Ainsi, en politique, l’abstention constitue une expression indirecte de volonté : elle peut traduire l’indifférence, le désaccord avec l’offre électorale ou le refus de légitimer un processus. Si elle n’est pas sanctionnée juridiquement, elle joue néanmoins un rôle crucial dans l’analyse du fonctionnement démocratique et dans l’interprétation des résultats électoraux.
Distinction entre abstention licite et abstention fautive
Toute forme d’abstention n’entraîne pas nécessairement une sanction.

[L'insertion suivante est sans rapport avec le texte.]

lemma obtain_first_zero:
  fixes f :: "real \<Rightarrow> real"
  assumes "continuous_on {x..z} f" and "f x \<noteq> 0" and "f z = 0" and "x \<le> z"
  obtains c where "x < c" "c \<le> z" "f c = 0" "\<And>t. x \<le> t \<Longrightarrow> t < c \<Longrightarrow> f t \<noteq> 0"
proof -
  define S where "S = {t \<in> {x..z}. f t = 0}"
  have "closed S"
    unfolding S_def using assms(1) by (intro continuous_closed_preimage_constant) auto
  moreover have "S \<noteq> {}" and "bdd_below S"
    using assms unfolding S_def by (auto intro: bdd_belowI[of _ x])
  ultimately have "Inf S \<in> S"
    by (intro closed_contains_Inf)
  then have "x \<le> Inf S" and "Inf S \<le> z" and "f (Inf S) = 0"
    unfolding S_def by auto
  show ?thesis
  proof (rule that)
    show "x < Inf S"
      using \<open>x \<le> Inf S\<close> \<open>f (Inf S) = 0\<close> assms(2) by (cases "x = Inf S") auto
    show "f t \<noteq> 0" if "x \<le> t" "t < Inf S" for t
      using cInf_lower[OF _ \<open>bdd_below S\<close>, of t] that \<open>Inf S \<le> z\<close> unfolding S_def by force
  qed fact+
qed

locale positive_wronskian =
  fixes a b a' b' :: "real \<Rightarrow> real"
  assumes has_deriv_a: "\<And>t. (a has_real_derivative a' t) (at t)"
    and has_deriv_b: "\<And>t. (b has_real_derivative b' t) (at t)"
    and wronskian_pos: "\<And>t. 0 < a t * b' t - a' t * b t"
begin

definition angular_speed :: "real \<Rightarrow> real" where
  "angular_speed t = (a t * b' t - a' t * b t) / ((a t)\<^sup>2 + (b t)\<^sup>2)"

lemma continuous_on_a: "continuous_on A a"
  using has_deriv_a by (meson DERIV_isCont continuous_at_imp_continuous_on)

lemma continuous_on_b: "continuous_on A b"
  using has_deriv_b by (meson DERIV_isCont continuous_at_imp_continuous_on)

lemma not_both_zero: "a t \<noteq> 0 \<or> b t \<noteq> 0"
  using wronskian_pos[of t] by auto

lemma angular_speed_nonneg: "0 \<le> angular_speed t"
  unfolding angular_speed_def using wronskian_pos[of t] by simp

lemma zero_between_zeros:
  assumes "x < y" and "a x = 0" and "a y = 0"
  shows "\<exists>z\<in>{x<..<y}. b z = 0"
proof (rule ccontr)
  assume no_zero: "\<not> (\<exists>z\<in>{x<..<y}. b z = 0)"
  have b_nonzero: "b t \<noteq> 0" if "x \<le> t" "t \<le> y" for t
  proof (cases "t = x \<or> t = y")
    case True
    then show ?thesis
      using not_both_zero[of t] assms by auto
  next
    case False
    then show ?thesis
      using no_zero that by auto
  qed
  \<comment> \<open>Otherwise \<open>a / b\<close> would be strictly decreasing on \<open>[x, y]\<close> while vanishing at both ends.\<close>
  have "a y / b y < a x / b x"
  proof (rule DERIV_neg_imp_decreasing[OF \<open>x < y\<close>])
    fix t assume "x \<le> t" "t \<le> y"
    with b_nonzero have "b t \<noteq> 0" by blast
    then have "0 < b t * b t"
      by (simp flip: power2_eq_square)
    then show "\<exists>D. ((\<lambda>t. a t / b t) has_real_derivative D) (at t) \<and> D < 0"
      using wronskian_pos[of t]
      by (intro exI[of _ "(a' t * b t - a t * b' t) / (b t * b t)"] conjI
          DERIV_divide has_deriv_a has_deriv_b) (auto simp: divide_neg_pos)
  qed
  then show False
    using assms by simp
qed

lemma has_real_derivative_arctan_ratio:
  assumes "b t \<noteq> 0"
  shows "((\<lambda>t. arctan (a t / b t)) has_real_derivative - angular_speed t) (at t)"
proof -
  have "(a t)\<^sup>2 + (b t)\<^sup>2 \<noteq> 0"
    using assms by (simp add: sum_power2_eq_zero_iff)
  moreover have "1 + (a t / b t)\<^sup>2 = ((a t)\<^sup>2 + (b t)\<^sup>2) / (b t)\<^sup>2"
    using assms by (simp add: field_simps)
  ultimately have "inverse (1 + (a t / b t)\<^sup>2) * ((a' t * b t - a t * b' t) / (b t * b t))
      = - angular_speed t"
    using assms unfolding angular_speed_def by (simp add: divide_simps) (simp add: power2_eq_square algebra_simps)
  then show ?thesis
    using DERIV_chain2[OF DERIV_arctan DERIV_divide[OF has_deriv_a has_deriv_b assms]] by simp
qed

lemma angular_speed_has_integral:
  assumes "x \<le> d" and "\<And>t. t \<in> {x..d} \<Longrightarrow> b t \<noteq> 0"
  shows "(angular_speed has_integral arctan (a x / b x) - arctan (a d / b d)) {x..d}"
proof -
  have "((\<lambda>t. - arctan (a t / b t)) has_vector_derivative angular_speed t) (at t within {x..d})"
    if "t \<in> {x..d}" for t
    using DERIV_minus[OF has_real_derivative_arctan_ratio[OF assms(2)[OF that]]]
    by (simp add: has_real_derivative_iff_has_vector_derivative has_vector_derivative_at_within)
  from fundamental_theorem_of_calculus[OF assms(1) this] show ?thesis
    by simp
qed

lemma obtain_ratio_minus_two:
  assumes "x < y" and "a x = 0" and "a y = 0"
  obtains d where "x < d" "d < y" "\<And>t. t \<in> {x..d} \<Longrightarrow> b t \<noteq> 0" "a d / b d = -2"
proof -
  obtain z where "x < z" "z < y" "b z = 0"
    using zero_between_zeros[OF assms] by auto
  have "b x \<noteq> 0"
    using not_both_zero[of x] \<open>a x = 0\<close> by simp
  obtain c where "x < c" "c \<le> z" "b c = 0" and b_nonzero: "\<And>t. x \<le> t \<Longrightarrow> t < c \<Longrightarrow> b t \<noteq> 0"
    using obtain_first_zero[OF continuous_on_b \<open>b x \<noteq> 0\<close> \<open>b z = 0\<close>] \<open>x < z\<close> by auto
  define \<psi> where "\<psi> t = \<bar>a t\<bar> - 2 * \<bar>b t\<bar>" for t
  have "\<psi> x < 0" and "0 < \<psi> c"
    using \<open>a x = 0\<close> \<open>b x \<noteq> 0\<close> \<open>b c = 0\<close> not_both_zero[of c] unfolding \<psi>_def by auto
  moreover have "continuous_on {x..c} \<psi>"
    unfolding \<psi>_def by (intro continuous_intros continuous_on_a continuous_on_b)
  ultimately obtain d where "x \<le> d" "d \<le> c" "\<psi> d = 0"
    using IVT'[of \<psi> x 0 c] \<open>x < c\<close> by force
  then have "x < d" "d < c" and ratio_abs: "\<bar>a d / b d\<bar> = 2"
    using \<open>\<psi> x < 0\<close> \<open>0 < \<psi> c\<close> b_nonzero[of d] unfolding \<psi>_def
    by (auto simp: order_le_less abs_divide)
  \<comment> \<open>The sign is forced because the angle \<open>- arctan (a / b)\<close> is nondecreasing.\<close>
  have "(angular_speed has_integral - arctan (a d / b d)) {x..d}"
    using angular_speed_has_integral[of x d] \<open>x < d\<close> \<open>d < c\<close> b_nonzero \<open>a x = 0\<close> by simp
  then have "0 \<le> - arctan (a d / b d)"
    by (rule has_integral_nonneg) (simp add: angular_speed_nonneg)
  then have "a d / b d = -2"
    using ratio_abs by (simp add: arctan_le_zero_iff abs_if split: if_splits)
  then show ?thesis
    using that \<open>x < d\<close> \<open>d < c\<close> \<open>c \<le> z\<close> \<open>z < y\<close> b_nonzero by auto
qed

Il est essentiel de distinguer :
- L’abstention licite : lorsque la loi n’impose pas d’agir, ou lorsque la décision de ne pas agir relève d’un exercice légitime de liberté individuelle ou contractuelle.
- L’abstention fautive : lorsqu’un devoir d’agir est établi, notamment en vertu d’une obligation légale, contractuelle ou réglementaire.
L’appréciation du caractère fautif de l’abstention repose toujours sur l’analyse d’un devoir juridique identifié et du liens de causalité direct avec un préjudice.
Conclusion
L’abstention, bien que constituant une forme d’inaction, peut engager la responsabilité juridique du sujet de droit lorsque cette passivité contrevient à une obligation légale ou contractuelle. En droit français, cette notion doit ainsi être maniée avec rigueur, chaque situation appelant un examen spécifique du contexte, des obligations applicables et des conséquences de l’inaction.